The flavonoid liquiritigenin (7,4′-dihydroxyflavanone, LQ), extracted from Glycyrrhiza glabra L., possesses antioxidant, anti-inflammatory, and anticancer properties (Kim et al., 2009; Kim et al., 2011). The cell survival rate was significantly reduced in a dose-time dependent manner when HUVEC and HeLa cells were treated with various concentrations of LQ (25, 50, 75, 100 μM). Western blot analysis revealed that LQ effectively inhibited the expression of VEGF and HIF-1α in both cell types, exhibiting a dose-dependent effect.
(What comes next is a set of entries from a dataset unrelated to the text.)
lemma first_disagreement:
  assumes E: "E \<in> parking_graphs n" and v: "v \<in> {1..n}" "preds n E v \<noteq> preds n E' v"
  shows "\<exists>u\<in>{1..n}. preds n E u \<noteq> preds n E' u \<and> (\<forall>x\<in>preds n E u. preds n E x = preds n E' x)"
proof -
  obtain u where u: "u \<in> {1..n}" "preds n E u \<noteq> preds n E' u"
    and least: "\<And>w. w \<in> {1..n} \<Longrightarrow> preds n E w \<noteq> preds n E' w \<Longrightarrow> card (preds n E u) \<le> card (preds n E w)"
    using ex_has_least_nat[of "\<lambda>w. w \<in> {1..n} \<and> preds n E w \<noteq> preds n E' w" v "\<lambda>w. card (preds n E w)"] v
    by blast
  have "preds n E x = preds n E' x" if x: "x \<in> preds n E u" for x
  proof (rule ccontr)
    assume "preds n E x \<noteq> preds n E' x"
    then have "card (preds n E u) \<le> card (preds n E x)" using least preds_subset x by blast
    moreover have "(x, u) \<in> arcs n E" using x unfolding preds_def by simp
    ultimately show False using card_preds_less[OF E] by fastforce
  qed
  then show ?thesis using u by blast
qed
(* Let $\tau$ be a state of $A$. For every $\lambda\ge0$ and every $\mathbf{x}\in\mathbb{R}^{d^2-1}$ with $\mathbf{x},\lambda\mathbf{x}\in\mathcal{S}$, we have $\tilde\Phi_\tau(\lambda\mathbf{x})=\lambda\tilde\Phi_\tau(\mathbf{x})$. Furthermore $\tilde\Phi_\tau(\mathbf{x})\ge0$ for all $\mathbf{x}\in\mathcal{S}$.
   Context: $G$ is a compact group with normalized Haar measure $dg$; finite-dimensional systems $A$ and $R$ carry continuous unitary representations $U_A,U_R$, and $d=d_R$. The $G$-twirl on $RA$ is $\mathcal{G}(M)=\int dg\,(U_R(g)\otimes U_A(g))M(U_R(g)\otimes U_A(g))^\dagger$. $H_{\min}(R|A)_\Omega=-\log_2\inf_{X\ge0}\{\mathrm{tr}[X]:\mathbb{1}_R\otimes X\ge\Omega_{RA}\}$, and $H_\eta(\tau):=H_{\min}(R|A)_{\mathcal{G}(\eta\otimes\tau)}$. Fix traceless Hermitian operators $X_1,\dots,X_{d^2-1}$ on $\mathcal{H}_R$ such that $\{\mathbb{1}/d,X_1,\dots,X_{d^2-1}\}$ is an orthogonal basis of the Hermitian operators and $\|X_k\|_\infty=1/d$. For $\mathbf{x}\in\mathbb{R}^{d^2-1}$ set $\eta(\mathbf{x})=\mathbb{1}/d+\sum_k x_kX_k$, and let $\mathcal{S}$ be the set of $\mathbf{x}$ for which $\eta(\mathbf{x})$ is a state. Define $\Phi_\tau(\mathbf{x})=2^{-H_{\eta(\mathbf{x})}(\tau)}$ and $\tilde\Phi_\tau(\mathbf{x})=\Phi_\tau(\mathbf{x})-\Phi_\tau(\mathbf{0})$. *)

theory Defs
  imports "HOL-Analysis.Analysis" "HOL-Probability.Probability" "HOL-Algebra.Group"
    "Jordan_Normal_Form.Schur_Decomposition"
begin

definition mtrace :: "complex mat \<Rightarrow> complex" where
  "mtrace A = (\<Sum>i<dim_row A. A $$ (i,i))"

text \<open>Kronecker (tensor) product; index (i,j) of R tensor A is i * dim A + j.\<close>
definition kron :: "complex mat \<Rightarrow> complex mat \<Rightarrow> complex mat" where
  "kron A B = mat (dim_row A * dim_row B) (dim_col A * dim_col B)
     (\<lambda>(i,j). A $$ (i div dim_row B, j div dim_col B) * B $$ (i mod dim_row B, j mod dim_col B))"

definition hermitian :: "complex mat \<Rightarrow> bool" where
  "hermitian A \<longleftrightarrow> A \<in> carrier_mat (dim_row A) (dim_row A) \<and> mat_adjoint A = A"

definition psd :: "complex mat \<Rightarrow> bool" where
  "psd A \<longleftrightarrow> A \<in> carrier_mat (dim_row A) (dim_row A) \<and>
     (\<forall>v \<in> carrier_vec (dim_row A).
        Im (conjugate v \<bullet> (A *\<^sub>v v)) = 0 \<and> Re (conjugate v \<bullet> (A *\<^sub>v v)) \<ge> 0)"

definition loewner_le :: "complex mat \<Rightarrow> complex mat \<Rightarrow> bool" where
  "loewner_le A B \<longleftrightarrow> dim_row A = dim_row B \<and> dim_col A = dim_col B \<and> psd (B - A)"

definition is_state :: "nat \<Rightarrow> complex mat \<Rightarrow> bool" where
  "is_state n \<rho> \<longleftrightarrow> \<rho> \<in> carrier_mat n n \<and> psd \<rho> \<and> mtrace \<rho> = 1"

definition unitary_mat :: "nat \<Rightarrow> complex mat \<Rightarrow> bool" where
  "unitary_mat n U \<longleftrightarrow> U \<in> carrier_mat n n \<and> U * mat_adjoint U = 1\<^sub>m n
     \<and> mat_adjoint U * U = 1\<^sub>m n"

definition vnorm :: "complex vec \<Rightarrow> real" where
  "vnorm v = sqrt (\<Sum>i<dim_vec v. (cmod (v $ i))\<^sup>2)"

definition opnorm :: "complex mat \<Rightarrow> real" where
  "opnorm A = Sup {vnorm (A *\<^sub>v v) | v. v \<in> carrier_vec (dim_col A) \<and> vnorm v = 1}"

definition compact_group :: "('g, 'b) monoid_scheme \<Rightarrow> 'g topology \<Rightarrow> bool" where
  "compact_group G T \<longleftrightarrow> group G \<and> topspace T = carrier G \<and> compact_space T \<and> Hausdorff_space T
     \<and> continuous_map (prod_topology T T) T (\<lambda>(x,y). x \<otimes>\<^bsub>G\<^esub> y)
     \<and> continuous_map T T (\<lambda>x. inv\<^bsub>G\<^esub> x)"

definition normalized_haar :: "('g, 'b) monoid_scheme \<Rightarrow> 'g topology \<Rightarrow> 'g measure \<Rightarrow> bool" where
  "normalized_haar G T \<mu> \<longleftrightarrow> prob_space \<mu> \<and> space \<mu> = carrier G
     \<and> sets \<mu> = sigma_sets (topspace T) {U. openin T U}
     \<and> (\<forall>g \<in> carrier G. \<forall>E \<in> sets \<mu>. emeasure \<mu> ((\<lambda>h. g \<otimes>\<^bsub>G\<^esub> h) ` E) = emeasure \<mu> E)"

definition unitary_rep :: "('g, 'b) monoid_scheme \<Rightarrow> 'g topology \<Rightarrow> nat \<Rightarrow> ('g \<Rightarrow> complex mat) \<Rightarrow> bool" where
  "unitary_rep G T n U \<longleftrightarrow>
     (\<forall>g \<in> carrier G. unitary_mat n (U g))
     \<and> (\<forall>g \<in> carrier G. \<forall>h \<in> carrier G. U (g \<otimes>\<^bsub>G\<^esub> h) = U g * U h)
     \<and> (\<forall>i<n. \<forall>j<n. continuous_map T euclidean (\<lambda>g. U g $$ (i,j)))"

definition twirl :: "'g measure \<Rightarrow> ('g \<Rightarrow> complex mat) \<Rightarrow> ('g \<Rightarrow> complex mat) \<Rightarrow> complex mat \<Rightarrow> complex mat" where
  "twirl \<mu> UR UA M = mat (dim_row M) (dim_col M)
     (\<lambda>(i,j). LINT g|\<mu>. (kron (UR g) (UA g) * M * mat_adjoint (kron (UR g) (UA g))) $$ (i,j))"

text \<open>Conditional min-entropy H_min(R|A) of Omega on R tensor A, dim R = dR, dim A = dA.\<close>
definition Hmin :: "nat \<Rightarrow> nat \<Rightarrow> complex mat \<Rightarrow> real" where
  "Hmin dR dA \<Omega> = - log 2 (Inf {Re (mtrace X) | X. X \<in> carrier_mat dA dA \<and> psd X
                                   \<and> loewner_le \<Omega> (kron (1\<^sub>m dR) X)})"

definition eta :: "nat \<Rightarrow> (nat \<Rightarrow> complex mat) \<Rightarrow> (nat \<Rightarrow> real) \<Rightarrow> complex mat" where
  "eta d X x = mat d d (\<lambda>(i,j). (if i = j then 1 / of_nat d else 0)
                       + (\<Sum>k < d\<^sup>2 - 1. complex_of_real (x k) * X k $$ (i,j)))"

definition Phi :: "'g measure \<Rightarrow> ('g \<Rightarrow> complex mat) \<Rightarrow> ('g \<Rightarrow> complex mat) \<Rightarrow> nat \<Rightarrow> nat
                    \<Rightarrow> (nat \<Rightarrow> complex mat) \<Rightarrow> complex mat \<Rightarrow> (nat \<Rightarrow> real) \<Rightarrow> real" where
  "Phi \<mu> UR UA d dA X \<tau> x = 2 powr (- Hmin d dA (twirl \<mu> UR UA (kron (eta d X x) \<tau>)))"

definition Phi_tilde :: "'g measure \<Rightarrow> ('g \<Rightarrow> complex mat) \<Rightarrow> ('g \<Rightarrow> complex mat) \<Rightarrow> nat \<Rightarrow> nat
                    \<Rightarrow> (nat \<Rightarrow> complex mat) \<Rightarrow> complex mat \<Rightarrow> (nat \<Rightarrow> real) \<Rightarrow> real" where
  "Phi_tilde \<mu> UR UA d dA X \<tau> x = Phi \<mu> UR UA d dA X \<tau> x - Phi \<mu> UR UA d dA X \<tau> (\<lambda>_. 0)"

definition state_coeffs :: "nat \<Rightarrow> (nat \<Rightarrow> complex mat) \<Rightarrow> (nat \<Rightarrow> real) set" where
  "state_coeffs d X = {x. is_state d (eta d X x)}"

text \<open>Conditions on the fixed operator basis X_1..X_{d^2-1} (indexed 0..d^2-2).\<close>
definition gen_basis :: "nat \<Rightarrow> (nat \<Rightarrow> complex mat) \<Rightarrow> bool" where
  "gen_basis d X \<longleftrightarrow>
     (\<forall>k < d\<^sup>2 - 1. X k \<in> carrier_mat d d \<and> hermitian (X k) \<and> mtrace (X k) = 0
                     \<and> opnorm (X k) = 1 / real d)
     \<and> (\<forall>k < d\<^sup>2 - 1. \<forall>l < d\<^sup>2 - 1. k \<noteq> l \<longrightarrow> mtrace (mat_adjoint (X k) * X l) = 0)
     \<and> (\<forall>H \<in> carrier_mat d d. hermitian H \<longrightarrow>
          (\<exists>c0 (c :: nat \<Rightarrow> real). H = mat d d (\<lambda>(i,j). complex_of_real c0 * (if i = j then 1 / of_nat d else 0)
                       + (\<Sum>k < d\<^sup>2 - 1. complex_of_real (c k) * X k $$ (i,j)))))"

end

theory Submission
  imports Defs
begin

(* Write Omega(E) for the twirl of E (x) tau and S for the G-average of U_A(g) tau U_A(g)^*, divided
   by d, so that Omega(1/d) = 1 (x) S. If 1 (x) Z >= Omega(E) for a state E, tracing out R gives
   Z >= S, because conjugation by U_R(g) preserves tr E = 1. Hence the positivity constraint in the
   program 2^(-H_min) = inf tr Z is automatic, and its value is at least tr S = 1/d, with equality
   for E = 1/d. As eta is affine and the twirl is linear,
   Omega(eta(l x)) = l Omega(eta(x)) + (1 - l) (1 (x) S), and for l > 0 the map
   Z |-> l Z + (1 - l) S is a bijection between the feasible sets of the two programs, so that
   Phi(l x) = l Phi(x) + (1 - l)/d = l Phi(x) + (1 - l) Phi(0). *)

unbundle no vec_syntax
no_notation inner (infix "\<bullet>" 70)

section \<open>Kronecker products\<close>

lemma sum_lessThan_mult:
  "(\<Sum>k<(a::nat)*b. f k) = (\<Sum>p<a. \<Sum>q<b. f (p*b+q))"
proof (induction a)
  case (Suc a)
  have "{..<Suc a * b} = {..<a*b} \<union> {a*b..<a*b+b}" by auto
  then have "(\<Sum>k<Suc a*b. f k) = (\<Sum>k<a*b. f k) + (\<Sum>k\<in>{a*b..<a*b+b}. f k)"
    by (simp add: sum.union_disjoint ivl_disj_int)
  also have "(\<Sum>k\<in>{a*b..<a*b+b}. f k) = (\<Sum>q<b. f (a*b+q))"
    using sum.atLeastLessThan_shift_0[of f "a*b" "a*b+b"] by (simp add: atLeast0LessThan comp_def)
  finally show ?case using Suc by simp
qed simp

lemma sum_lessThan_mult_block:
  fixes n m :: nat
  assumes "a < n" "\<And>p q. p < n \<Longrightarrow> q < m \<Longrightarrow> p \<noteq> a \<Longrightarrow> f (p*m+q) = 0"
  shows "(\<Sum>i<n*m. f i) = (\<Sum>q<m. f (a*m+q))"
proof -
  have "(\<Sum>i<n*m. f i) = (\<Sum>p<n. \<Sum>q<m. f (p*m+q))"
    by (rule sum_lessThan_mult)
  also have "\<dots> = (\<Sum>q<m. f (a*m+q)) + (\<Sum>p\<in>{..<n}-{a}. \<Sum>q<m. f (p*m+q))"
    using assms(1) by (subst sum.remove[of _ a]) auto
  also have "(\<Sum>p\<in>{..<n}-{a}. \<Sum>q<m. f (p*m+q)) = 0"
    using assms(2) by (intro sum.neutral ballI) auto
  finally show ?thesis by simp
qed

lemma div_mod_less_mult:
  assumes "(i::nat) < a * c"
  shows "i div c < a" "i mod c < c"
proof -
  show "i div c < a" using assms by (simp add: less_mult_imp_div_less)
  have "c > 0" using assms by (cases c) auto
  then show "i mod c < c" by simp
qed

lemma mult_add_less_mult:
  assumes "(p::nat) < a" "q < c"
  shows "p * c + q < a * c"
proof -
  have "Suc p * c \<le> a * c" using assms by (intro mult_le_mono1) simp
  then show ?thesis using assms by simp
qed

lemma mat_adjoint_dims [simp]:
  "dim_row (mat_adjoint A) = dim_col A" "dim_col (mat_adjoint A) = dim_row A"
  unfolding mat_adjoint_def by simp_all

lemma mat_adjoint_index [simp]:
  "i < dim_col A \<Longrightarrow> j < dim_row A \<Longrightarrow> mat_adjoint A $$ (i,j) = cnj (A $$ (j,i))"
  unfolding mat_adjoint_def by (simp add: mat_of_rows_index)

lemma mat_adjoint_carrier [simp]: "A \<in> carrier_mat n m \<Longrightarrow> mat_adjoint A \<in> carrier_mat m n"
  unfolding carrier_mat_def by simp

lemma mat_adjoint_adjoint [simp]: "mat_adjoint (mat_adjoint A) = (A :: complex mat)"
  by (rule eq_matI) auto

lemma mat_adjoint_mult:
  fixes A B :: "complex mat"
  assumes "A \<in> carrier_mat n m" "B \<in> carrier_mat m k"
  shows "mat_adjoint (A * B) = mat_adjoint B * mat_adjoint A"
  using assms by (intro eq_matI) (auto simp: scalar_prod_def cnj_sum mult.commute)

lemma kron_dims [simp]:
  "dim_row (kron A B) = dim_row A * dim_row B" "dim_col (kron A B) = dim_col A * dim_col B"
  unfolding kron_def by simp_all

lemma kron_index [simp]:
  "i < dim_row A * dim_row B \<Longrightarrow> j < dim_col A * dim_col B \<Longrightarrow>
   kron A B $$ (i,j) = A $$ (i div dim_row B, j div dim_col B) * B $$ (i mod dim_row B, j mod dim_col B)"
  unfolding kron_def by simp

lemma kron_carrier [simp]:
  "A \<in> carrier_mat a b \<Longrightarrow> B \<in> carrier_mat c e \<Longrightarrow> kron A B \<in> carrier_mat (a*c) (b*e)"
  unfolding carrier_mat_def by simp

lemma kron_mult:
  assumes "A \<in> carrier_mat a b" "B \<in> carrier_mat c e" "C \<in> carrier_mat b f" "D \<in> carrier_mat e h"
  shows "kron A B * kron C D = kron (A * C) (B * D)"
proof (rule eq_matI)
  fix i j assume "i < dim_row (kron (A * C) (B * D))" "j < dim_col (kron (A * C) (B * D))"
  then have i: "i < a*c" and j: "j < f*h" using assms by auto
  have "(kron A B * kron C D) $$ (i,j) = (\<Sum>k<b*e. kron A B $$ (i,k) * kron C D $$ (k,j))"
    using assms i j by (simp add: scalar_prod_def atLeast0LessThan)
  also have "\<dots> = (\<Sum>p<b. \<Sum>q<e. kron A B $$ (i,p*e+q) * kron C D $$ (p*e+q,j))"
    by (rule sum_lessThan_mult)
  also have "\<dots> = (\<Sum>p<b. A $$ (i div c, p) * C $$ (p, j div h)) * (\<Sum>q<e. B $$ (i mod c, q) * D $$ (q, j mod h))"
    using assms i j by (simp add: mult_add_less_mult div_mod_less_mult sum_product mult_ac)
  also have "\<dots> = kron (A * C) (B * D) $$ (i,j)"
    using assms i j by (simp add: div_mod_less_mult scalar_prod_def atLeast0LessThan)
  finally show "(kron A B * kron C D) $$ (i,j) = kron (A * C) (B * D) $$ (i,j)" .
qed (use assms in auto)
Subsequent treatment with specific inhibitors including LY294002 (PI3K inhibitor), Rapamycin (p70S6K inhibitor), and U0126 (ERK1/2 inhibitor) resulted in downregulation of VEGF and HIF-1α expression mediated by the PI3K/AKT/p70S6K and ERK1/2 signaling pathways. These findings suggest that the inhibitory mechanism of LQ on HeLa cells may be associated with the PI3K/AKT/mTOR-p70S6K signaling pathway (Xie et al., 2012). Furthermore, research has demonstrated that LQ can downregulate the expression of HIF-1a and VEGF in human cervical cancer cells through the VEGF signaling pathway, thereby exerting an anti-angiogenic effec (Liu et al., 2012). The absence of a positive control group and the lack of animal experimental studies in both experiments necessitate further verification to ensure the reliability of the experimental data.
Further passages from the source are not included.